I’m in for the long haul when it comes to Bachelor in Paradise. Last week, watching the series’ premier, I had to talk myself into watching a second episode and was enticed by teases of broken legs, handcuffs, bedroom phantoms and literally anything that came out of AshLee’s mouth.
This week, watching the series’ second episode, I wasn’t as much hooked as I was unwillingly captivated. How could I not want to see how this sun-soaked clusterfuck plays out? It’s like putting a six pack of summer beers in front of me, telling me they’re not that good, but expecting me not to still try and finish them. I’m a sucker for summer beers! I’m a sucker for this Bachelor nonsense. I can admit it.
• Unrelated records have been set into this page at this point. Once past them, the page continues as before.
(* f = v - F(z, u) defines a graph, the fields X k are tangent to it, and \<Psi> is a relative
   invariant of the fields. *)
lemma relative_invariant_vanishes_on_graph:
  fixes f \<Psi> :: "cpt \<Rightarrow> real" and \<Psi>' :: "cpt \<Rightarrow> cpt \<Rightarrow> real" and X :: "nat \<Rightarrow> cpt \<Rightarrow> cpt"
  assumes shift: "\<And>p t. f (p + vert t) = f p + t" and "f 0 = 0"
    and "open U" "0 \<in> U"
    and tangent: "\<And>p k. p \<in> U \<Longrightarrow> f p = 0 \<Longrightarrow> k < 5 \<Longrightarrow>
                    \<exists>D. (f has_derivative D) (at p) \<and> D (X k p) = 0"
    and \<Psi>': "\<And>p. (\<Psi> has_derivative \<Psi>' p) (at p)"
    and invariant: "\<And>p k. k < 5 \<Longrightarrow> \<Psi>' p (X k p) = lam k * \<Psi> p"
    and X_cont: "\<And>k. k < 5 \<Longrightarrow> isCont (X k) 0"
    and X_0: "\<And>k. k < 5 \<Longrightarrow> X k 0 = cpt_basis k"
    and "\<Psi> 0 = 0" and "r > 0"
  shows "\<exists>\<delta>>0. \<forall>p \<in> ball 0 \<delta>. p - vert (f p) \<in> U \<inter> ball 0 r \<and> \<Psi> (p - vert (f p)) = 0"
proof -
  define S where "S p = p - vert (f p)" for p
  have S_shift: "S p + vert (f p) = p" for p by (simp add: S_def)
  have f_S: "f (S p) = 0" for p
    using shift[of "S p" "f p"] by (simp add: S_shift)
  have "isCont f 0"
    using tangent[OF \<open>0 \<in> U\<close> \<open>f 0 = 0\<close>, of 0] by (auto dest: has_derivative_continuous)
  then have "isCont S 0"
    unfolding S_def by (intro continuous_intros bounded_linear.continuous[OF bounded_linear_vert])
  moreover have "S 0 = 0" using \<open>f 0 = 0\<close> by (simp add: S_def)
  ultimately have "(S \<longlongrightarrow> 0) (nhds 0)" by (metis continuous_at tendsto_at_iff_tendsto_nhds)
  define Q where "Q q \<longleftrightarrow> q \<in> U \<inter> ball 0 r \<and> (\<forall>k<5. norm (X k q - cpt_basis k) \<le> 1 / 12)" for q
  have "eventually Q (nhds 0)"
  proof -
    have "eventually (\<lambda>q. dist (X k q) (X k 0) < 1 / 12) (nhds 0)" if "k < 5" for k
      using X_cont[OF that] unfolding continuous_at tendsto_at_iff_tendsto_nhds
      by (rule tendstoD) simp
    then have "eventually (\<lambda>q. \<forall>k\<in>{..<5}. dist (X k q) (X k 0) < 1 / 12) (nhds 0)"
      by (intro eventually_ball_finite) auto
    then have "eventually (\<lambda>q. \<forall>k<5. norm (X k q - cpt_basis k) \<le> 1 / 12) (nhds 0)"
      by eventually_elim (metis X_0 dist_norm lessThan_iff less_imp_le)
    moreover have "eventually (\<lambda>q. q \<in> U \<inter> ball 0 r) (nhds 0)"
      using \<open>open U\<close> \<open>0 \<in> U\<close> \<open>r > 0\<close> by (intro eventually_nhds_in_open) auto
    ultimately show ?thesis unfolding Q_def by eventually_elim auto
  qed
  with \<open>(S \<longlongrightarrow> 0) (nhds 0)\<close> have "eventually (\<lambda>p. Q (S p)) (nhds 0)"
    by (simp add: filterlim_iff)
  then obtain \<delta> where "\<delta> > 0" and Q_S: "\<And>p. p \<in> ball 0 \<delta> \<Longrightarrow> Q (S p)"
    unfolding eventually_nhds_metric by (auto simp: dist_commute)
  have "\<forall>p \<in> ball 0 \<delta>. \<exists>D. (f has_derivative D) (at p) \<and> (\<forall>k<5. D (X k (S p)) = 0)"
  proof
    fix p :: cpt assume "p \<in> ball 0 \<delta>"
    then have "S p \<in> U" using Q_S unfolding Q_def by blast
    then obtain D where D: "(f has_derivative D) (at (S p))" "\<forall>k\<in>{..<5}. D (X k (S p)) = 0"
      using has_derivative_annihilating_all[of "{..<5::nat}" f "S p" "\<lambda>k. X k (S p)" 0]
        tangent[OF _ f_S] by auto
    then show "\<exists>D. (f has_derivative D) (at p) \<and> (\<forall>k<5. D (X k (S p)) = 0)"
      using has_derivative_vert_translate[OF shift, of D p "- f p"] by (auto simp: S_def vert_uminus)
  qed
  then obtain DF where DF: "\<And>p. p \<in> ball 0 \<delta> \<Longrightarrow> (f has_derivative DF p) (at p)"
      "\<And>p k. p \<in> ball 0 \<delta> \<Longrightarrow> k < 5 \<Longrightarrow> DF p (X k (S p)) = 0"
    by (metis bchoice)
  define L where "L p h = \<Psi>' (S p) (h - vert (DF p h))" for p h
  have "\<Psi> (S p) = 0" if "p \<in> ball 0 \<delta>" for p
  proof (rule derivative_bounded_by_abs_imp_zero_on_ball[where \<phi> = "\<lambda>p. \<Psi> (S p)" and L = L])
    fix p :: cpt assume p: "p \<in> ball 0 \<delta>"
    have "(S has_derivative (\<lambda>h. h - vert (DF p h))) (at p)"
      unfolding S_def using DF(1)[OF p]
      by (auto intro!: derivative_eq_intros bounded_linear.has_derivative[OF bounded_linear_vert])
    then show "((\<lambda>p. \<Psi> (S p)) has_derivative L p) (at p)"
      unfolding L_def by (rule has_derivative_compose[OF _ \<Psi>'])
    show "\<bar>L p h\<bar> \<le> 2 * (\<Sum>k<5. \<bar>lam k\<bar>) * \<bar>\<Psi> (S p)\<bar> * norm h" for h
      unfolding L_def
    proof (rule projected_invariant_derivative_bound)
      show "linear (\<Psi>' (S p))" "linear (DF p)"
        using \<Psi>'[of "S p"] DF(1)[OF p] by (simp_all add: has_derivative_linear)
      show "DF p (vert 1) = 1" using has_derivative_vert_1[OF shift DF(1)[OF p]] .
      show "norm (X k (S p) - cpt_basis k) \<le> 1 / 12" if "k < 5" for k
        using Q_S[OF p] that unfolding Q_def by blast
    qed (use DF(2)[OF p] invariant in auto)
  qed (use that \<open>\<Psi> 0 = 0\<close> \<open>f 0 = 0\<close> in \<open>simp_all add: S_def\<close>)
  with Q_S show ?thesis
    using \<open>\<delta> > 0\<close> unfolding Q_def S_def by blast
qed

lemma defphi_vert_shift: "defphi a (p + vert t) = defphi a p + t"
  by (cases p) (simp add: defphi_def vert_def)

lemma defphi_0:
  assumes "\<forall>\<alpha>. a \<alpha> \<noteq> 0 \<longrightarrow> weight \<alpha> \<ge> 3"
  shows "defphi a 0 = 0"
proof -
  have zero_terms: "a \<alpha> * monom \<alpha> 0 0 0 = 0" for \<alpha>
  proof (cases "weight \<alpha> = 0")
    case True
    then have "a \<alpha> = 0" using assms by (metis not_numeral_le_zero)
    then show ?thesis by simp
  next
    case False
    then show ?thesis by (auto simp: weight_def monom_def split: prod.splits)
  qed
  have "hseries a 0 0 0 = 0" by (simp only: hseries_def zero_terms) simp
  then show ?thesis by (simp add: defphi_def zero_prod_def)
qed

lemma isCont_vfield: "isCont (vfield E) p"
proof -
  have "vfield E = (\<lambda>p. (E 0 0 * fst p + E 0 1 * fst (snd p) + E 0 2 * snd (snd p) + E 0 3,
      E 1 0 * fst p + E 1 1 * fst (snd p) + E 1 2 * snd (snd p) + E 1 3,
      E 2 0 * fst p + E 2 1 * fst (snd p) + E 2 2 * snd (snd p) + E 2 3))"
    by (auto simp: vfield_def fun_eq_iff split: prod.splits)
  then show ?thesis by (simp add: continuous_intros)
qed

lemma nth_in_real_span:
  assumes "k < length Es"
  shows "Es ! k \<in> real_span Es"
proof -
  have "(\<Sum>m<length Es. complex_of_real (if m = k then 1 else 0) * (Es ! m) i j) = (Es ! k) i j" for i j
  proof -
    have "(\<Sum>m<length Es. complex_of_real (if m = k then 1 else 0) * (Es ! m) i j)
        = (\<Sum>m<length Es. if m = k then (Es ! m) i j else 0)" by (rule sum.cong) auto
    then show ?thesis using assms by simp
  qed
  then show ?thesis unfolding real_span_def by (auto intro!: exI[of _ "\<lambda>m. if m = k then 1 else 0"])
qed

(* Defining function of the preimage of the quadric under the shear z1 \<mapsto> z1 - i d/2 w,
   and its derivative. *)
definition quadric_fun :: "real \<Rightarrow> cpt \<Rightarrow> real" where
  "quadric_fun d p = (case p of (z1, z2, w) \<Rightarrow>
     Im w - 2 * (Re z1 + d / 2 * Im w)\<^sup>2 - (Re z2)\<^sup>2 - (Im z2)\<^sup>2)"

definition quadric_fun_deriv :: "real \<Rightarrow> cpt \<Rightarrow> cpt \<Rightarrow> real" where
  "quadric_fun_deriv d p h = (case p of (z1, z2, w) \<Rightarrow> case h of (h1, h2, h3) \<Rightarrow>
     Im h3 - 4 * (Re z1 + d / 2 * Im w) * (Re h1 + d / 2 * Im h3)
       - 2 * Re z2 * Re h2 - 2 * Im z2 * Im h2)"

lemma has_derivative_quadric_fun: "(quadric_fun d has_derivative quadric_fun_deriv d p) (at p)"
proof -
  have q: "quadric_fun d = (\<lambda>p. Im (snd (snd p)) - 2 * (Re (fst p) + d / 2 * Im (snd (snd p)))\<^sup>2
      - (Re (fst (snd p)))\<^sup>2 - (Im (fst (snd p)))\<^sup>2)"
    by (auto simp: quadric_fun_def fun_eq_iff split: prod.splits)
  have q': "quadric_fun_deriv d p = (\<lambda>h. Im (snd (snd h))
      - 2 * (2 * (Re (fst p) + d / 2 * Im (snd (snd p))) * (Re (fst h) + d / 2 * Im (snd (snd h))))
      - 2 * Re (fst (snd p)) * Re (fst (snd h)) - 2 * Im (fst (snd p)) * Im (fst (snd h)))"
    by (auto simp: quadric_fun_deriv_def fun_eq_iff split: prod.splits)
  show ?thesis
    unfolding q q'
    by (rule derivative_eq_intros refl bounded_linear.has_derivative[OF bounded_linear_Re]
         bounded_linear.has_derivative[OF bounded_linear_Im] | simp)+
       (simp add: algebra_simps power2_eq_square)
qed

(* Two zeros of quadric_fun d on a vertical line satisfy (v' - v)(1 - d(2x + d(v + v')/2)) = 0,
   and the second factor is nonzero near 0. *)
lemma quadric_fun_vertical_unique:
  assumes "norm p < 1 / (4 * (1 + \<bar>d\<bar> + d\<^sup>2))" "norm (p + vert t) < 1 / (4 * (1 + \<bar>d\<bar> + d\<^sup>2))"
    and "quadric_fun d p = 0" "quadric_fun d (p + vert t) = 0"
  shows "t = 0"
proof -
  define r where "r = 1 / (4 * (1 + \<bar>d\<bar> + d\<^sup>2))"
  obtain a b c where p: "p = (a, b, c)" by (metis prod.exhaust)
  define x v v' where "x = Re a" and "v = Im c" and "v' = Im c + t"
  have coord_bound: "\<bar>Re a\<bar> \<le> norm q" "\<bar>Im c\<bar> \<le> norm q" if "q = (a, b, c)" for q a b c
    using that norm_fst_le[of a "(b, c)"] norm_snd_le[of "(b, c)" a] norm_snd_le[of c b]
      abs_Re_le_cmod[of a] abs_Im_le_cmod[of c] by auto
  have "\<bar>x\<bar> < r" "\<bar>v\<bar> < r"
    using coord_bound[OF p] assms(1) by (auto simp: x_def v_def r_def)
  moreover have "\<bar>v'\<bar> < r"
    using coord_bound[of "p + vert t" a b "c + \<i> * of_real t"] assms(2)
    by (simp add: p vert_def v'_def r_def)
  ultimately have "\<bar>d * (v + v') / 2\<bar> \<le> \<bar>d\<bar> * r"
    using mult_left_mono[of "\<bar>v + v'\<bar> / 2" r "\<bar>d\<bar>"] by (simp add: abs_mult)
  then have "\<bar>2 * x + d * (v + v') / 2\<bar> \<le> 2 * r + \<bar>d\<bar> * r"
    using abs_triangle_ineq[of "2 * x" "d * (v + v') / 2"] \<open>\<bar>x\<bar> < r\<close> by simp
  then have "\<bar>d * (2 * x + d * (v + v') / 2)\<bar> \<le> \<bar>d\<bar> * (2 * r + \<bar>d\<bar> * r)"
    by (simp add: abs_mult mult_left_mono)
  also have "\<dots> = (2 * \<bar>d\<bar> + d\<^sup>2) * r" by (simp add: algebra_simps power2_eq_square)
  also have "\<dots> < 1"
  proof -
    have "2 * \<bar>d\<bar> + d\<^sup>2 < 4 * (1 + \<bar>d\<bar> + d\<^sup>2)" by (smt (verit) zero_le_power2)
    then show ?thesis unfolding r_def by (simp add: add_pos_nonneg divide_less_eq field_simps)
  qed
  finally have "1 - d * (2 * x + d * (v + v') / 2) \<noteq> 0" by linarith
  moreover have "(v' - v) * (1 - d * (2 * x + d * (v + v') / 2)) = 0"
  proof -
    have "v - 2 * (x + d / 2 * v)\<^sup>2 - (Re b)\<^sup>2 - (Im b)\<^sup>2 = 0"
      using assms(3) by (simp add: p quadric_fun_def x_def v_def)
    moreover have "v' - 2 * (x + d / 2 * v')\<^sup>2 - (Re b)\<^sup>2 - (Im b)\<^sup>2 = 0"
      using assms(4) by (simp add: p quadric_fun_def vert_def x_def v'_def)
    ultimately show ?thesis by (simp add: algebra_simps power2_eq_square) (simp add: field_simps)
  qed
  ultimately show ?thesis by (simp add: v_def v'_def)
qed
I’m not scurred. Not ashamed or embarrassed. If watching these shows have taught me anything, it’s that there is absolutely nothing I can do in my life that will cause me to be embarrassed if none of these ass clowns on the show do what they do without a shed of embarrassment.
Before recapping some of the better Wait…what? moments from this week, I’d like to present the five best Totally Out of Context, but Totally Relevant When Talking About Bachelor in Paradise Quotes.
Quote Number 1:
Tomorrow when we wake up, it’s going to be really awkward.
Quote Number 2:
This is nothing.
Quote Number 3:
The odds of me finding love in paradise are unlikely.
Quote Number 4:
Quote Number 5:
I don’t know. It’s just weird.
It’s just not a classy move.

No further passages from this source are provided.